Dan, either we are miscommunicating or there is confusion...
At full throttle you cut in an extra X% of fuel flow, beyond 'max
rich'... It is for cooling the exhaust valves at take-off power...
Pull the throttle back, even a small amount, from full forward and you
lose that extra X% of cooling... It is the same for carburetor and
injected engines...
The RPM at which you can run full throttle continuously is in the
POH... Reduce power in climb by reducing the prop to that RPM and leave
the throttle full forward and your engine will be a happy camper with
cool valves... My API / CFI buddy still hasn't figured it out...

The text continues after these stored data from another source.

(* In the Rayleigh fading system model of the context with a single beam ($M=1$), if $\rho\le 1$ then the ergodic sum rate $R(\vec p)$ is a Schur-concave function of the feedback probabilities $\vec p\in[0,1]^n$. Consequently, a homogeneous threshold feedback policy solves the threshold selection problem: for every $\lambda\in(0,n]$ and every threshold vector $\vec\tau$ with $\sum_{i=1}^n \Pr\{\gamma_{i,1}\ge\tau_i\}\le\lambda$, there is a homogeneous threshold vector $\vec\tau'=(\tau,\dots,\tau)$ satisfying the same constraint with $R(\vec\tau')\ge R(\vec\tau)$.
   Context: System model: there are $n\ge 2$ users and $M\ge1$ beams. The SINR of user $i$ on beam $m$ is $\gamma_{i,m} = |X_{i,m}|^2 / \big(\tfrac1\rho + \sum_{k\ne m}|X_{i,k}|^2\big)$ with $\rho>0$, where (Rayleigh fading) the $X_{i,k}$ are i.i.d. unit-power circularly symmetric complex Gaussian; users are i.i.d., and the marginal distribution of each $\gamma_{i,m}$ is $F(x) = 1 - e^{-x/\rho}/(x+1)^{M-1}$, $x\ge0$, with density $f(x) = \frac{e^{-x/\rho}}{(x+1)^M}\big[\tfrac1\rho(x+1)+M-1\big]$. Each user $i$ has a threshold $\tau_i\in[0,\infty]$ and truncated SINR $\bar\gamma_{i,m}=\gamma_{i,m}\mathbf 1\{\gamma_{i,m}\ge\tau_i\}$. The ergodic sum rate is $R(\vec\tau) = \mathbb{E}\big[\sum_{m=1}^M\log(1+\max_{1\le i\le n}\bar\gamma_{i,m})\big]$. The feedback probability is $p_i = \Pr\{\gamma_{i,1}\ge\tau_i\}=1-F(\tau_i)$, and $R$ is regarded as a function $R(\vec p)$ via $\tau_i=F^{-1}(1-p_i)$ (with $F^{-1}(1)=+\infty$). A threshold vector is homogeneous if all thresholds are equal. Majorization: $\vec x$ majorizes $\vec y$ if the partial sums of the decreasingly ordered coordinates of $\vec x$ dominate those of $\vec y$ and the total sums are equal; $\varphi$ is Schur-concave if $\vec x$ majorizing $\vec y$ implies $\varphi(\vec x)\le\varphi(\vec y)$. *)

theory Defs
  imports "HOL-Probability.Probability"
begin

definition sinr_cdf :: "nat \<Rightarrow> real \<Rightarrow> real \<Rightarrow> real" where
  "sinr_cdf M \<rho> x = (if x < 0 then 0 else 1 - exp (- x / \<rho>) / (x + 1) ^ (M - 1))"

definition sinr_density :: "nat \<Rightarrow> real \<Rightarrow> real \<Rightarrow> real" where
  "sinr_density M \<rho> x = (if x < 0 then 0 else
     exp (- x / \<rho>) / (x + 1) ^ M * ((1 / \<rho>) * (x + 1) + (real M - 1)))"

definition sinr_thr :: "nat \<Rightarrow> real \<Rightarrow> real \<Rightarrow> ereal" where
  "sinr_thr M \<rho> p = (if p = 0 then \<infinity>
     else ereal (THE x. 0 \<le> x \<and> sinr_cdf M \<rho> x = 1 - p))"

definition trunc_sinr :: "real \<Rightarrow> ereal \<Rightarrow> real" where
  "trunc_sinr g t = (if t \<le> ereal g then g else 0)"

definition sum_rate1 :: "'a measure \<Rightarrow> nat \<Rightarrow> (nat \<Rightarrow> 'a \<Rightarrow> real) \<Rightarrow> (nat \<Rightarrow> ereal) \<Rightarrow> real" where
  "sum_rate1 P n gam \<tau> =
     (\<integral>\<omega>. ln (1 + Max ((\<lambda>i. trunc_sinr (gam i \<omega>) (\<tau> i)) ` {..<n})) \<partial>P)"
theorem mainTheorem3:
  fixes d :: nat
  assumes "d \<ge> 1"
  shows "\<exists>P :: nat \<Rightarrow> real.
     (\<forall>k \<ge> d + 1.
        (\<lambda>t. measure_pmf.expectation (pran d t) (\<lambda>s. real (num_deg s k)) / real (d + 2 + t))
          \<longlonglongrightarrow> P k)
   \<and> P (d + 1) = 1 / 2
   \<and> (\<forall>k > d + 1.
        P k = (real d * real k - real d ^ 2 - real d + 1) /
              (real d * real k - real d ^ 2 + real d + 2) * P (k - 1))"
proof -
  define P where "P k = pran_degree_density d (k - (d + 1))" for k
  have "(\<lambda>t. measure_pmf.expectation (pran d t) (\<lambda>s. real (num_deg s k)) / real (d + 2 + t))
      \<longlonglongrightarrow> P k" if "k \<ge> d + 1" for k
  proof -
    have "(\<lambda>t. expected_num_deg d t k / (real t + real (d + 2))) \<longlonglongrightarrow> P k"
      using tendsto_expected_num_deg[of "real (d + 2)" d "k - (d + 1)"] that by (simp add: P_def)
    then show ?thesis
      by (simp add: expected_num_deg_def ac_simps)
  qed
  moreover have "P (d + 1) = 1 / 2"
    by (simp add: P_def)
  moreover have "P k = (real d * real k - real d ^ 2 - real d + 1) /
      (real d * real k - real d ^ 2 + real d + 2) * P (k - 1)" if "k > d + 1" for k
  proof -
    define j where "j = k - (d + 2)"
    have k: "k = d + 2 + j"
      using that by (simp add: j_def)
    have "P k = pran_degree_density d (Suc j)" and "P (k - 1) = pran_degree_density d j"
      by (simp_all add: P_def k)
    moreover have "clique_count_of_degree d (d + 1 + j) = real d * real k - real d ^ 2 - real d + 1"
      and "real d + 1 + clique_count_of_degree d (d + 2 + j) = real d * real k - real d ^ 2 + real d + 2"
      by (simp_all add: k clique_count_of_degree_def algebra_simps)
    ultimately show ?thesis
      by (simp only: pran_degree_density.simps)
  qed
  ultimately show ?thesis
    by blast
qed

end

On my Super Viking Take-Off RPM was limited to 5 minutes... But you can
pull the RPM back to Max-Continuous power, still at full throttle, and
run it all day and have the benefits of the valve cooling - hard on the
fuel supply though... It is a separate metering circuit on the
injector body for full throttle cooling... Pull the throttle back as
little as a quarter inch and the valve cooling metering circuit shuts
off... Leave the throttle retarded slightly in a long hot climb and you
will likely have valve damage...

Same thing applies to fixed pitch propellprs... Leave the throttle
firewalled in climb for the cooling - assuming the POH allows it... As
soon as you pull the throttle you lose the cooling... Now, be aware
that as you climb at full throttle you are losing manifold pressure
with each thousand feet gained, which is automatically reducing the
engines output power, reducing the strain, and improving the cooling by
allowing the mixture to go even richer than it was a thousand feet
lower... Airplanes, at lower altitudes, are best climbed at full
throttle... Funny how those dumb engineers at the tractor engine
factory figured that out all on their own without any help from us god
like pilots...

cheers .../ denny

Denny wrote:
: soon as you pull the throttle you lose the cooling... Now, be aware
: that as you climb at full throttle you are losing manifold pressure
: with each thousand feet gained, which is automatically reducing the
: engines output power, reducing the strain, and improving the cooling by
: allowing the mixture to go even richer than it was a thousand feet
: lower...

... so leaning to a constant EGT in a climb is a great way to keep the *same*
overrich mixture without going too rich.

-Cory

--

************************************************** ***********************
* Cory Papenfuss *
* Electrical Engineering candidate Ph.D. graduate student *
* Virginia Polytechnic Institute and State University *
************************************************** ***********************

"Denny" wrote:

Dan, either we are miscommunicating or there is confusion...
At full throttle you cut in an extra X% of fuel flow, beyond 'max
rich'... It is for cooling the exhaust valves at take-off power...
Pull the throttle back, even a small amount, from full forward and you
lose that extra X% of cooling... It is the same for carburetor and
injected engines...
The RPM at which you can run full throttle continuously is in the
POH... Reduce power in climb by reducing the prop to that RPM and leave
the throttle full forward and your engine will be a happy camper with
cool valves...

That's what I'm saying. It really has nothing to do with the RPM setting.
In fact, the higher the RPM, the higher the horsepower and the higher the
CHT.

--
Dan
C-172RG at BFM

"Denny" wrote in message
oups.com...

At full throttle you cut in an extra X% of fuel flow, beyond 'max
rich'... It is for cooling the exhaust valves at take-off power...
Pull the throttle back, even a small amount, from full forward and you
lose that extra X% of cooling... It is the same for carburetor and
injected engines...

On our Turbo Saratoga's TIO540S1AD, the throttle is nowhere near full
forward at takeoff when we set max manifold pressure. Full forward will
significantly overboost. The throttle has to be continually moved forward
as altitude increases, reaching full forward at critical altitude.
Throttle-linked wastegate, no turbocharger governor.

Stan

That's true and it is because the cheap sob's who built your plane
refused to spend the money for proper boost control... That's a
business decision unrelated to proper engine management... Assuming tha
tthe fuel engineer knew his business you should have adequate fuel flow
for valve cooling built into the fuel controller at part throttle...
However, my experience is that turbo airplanes are hard on exhaust
valve...

denny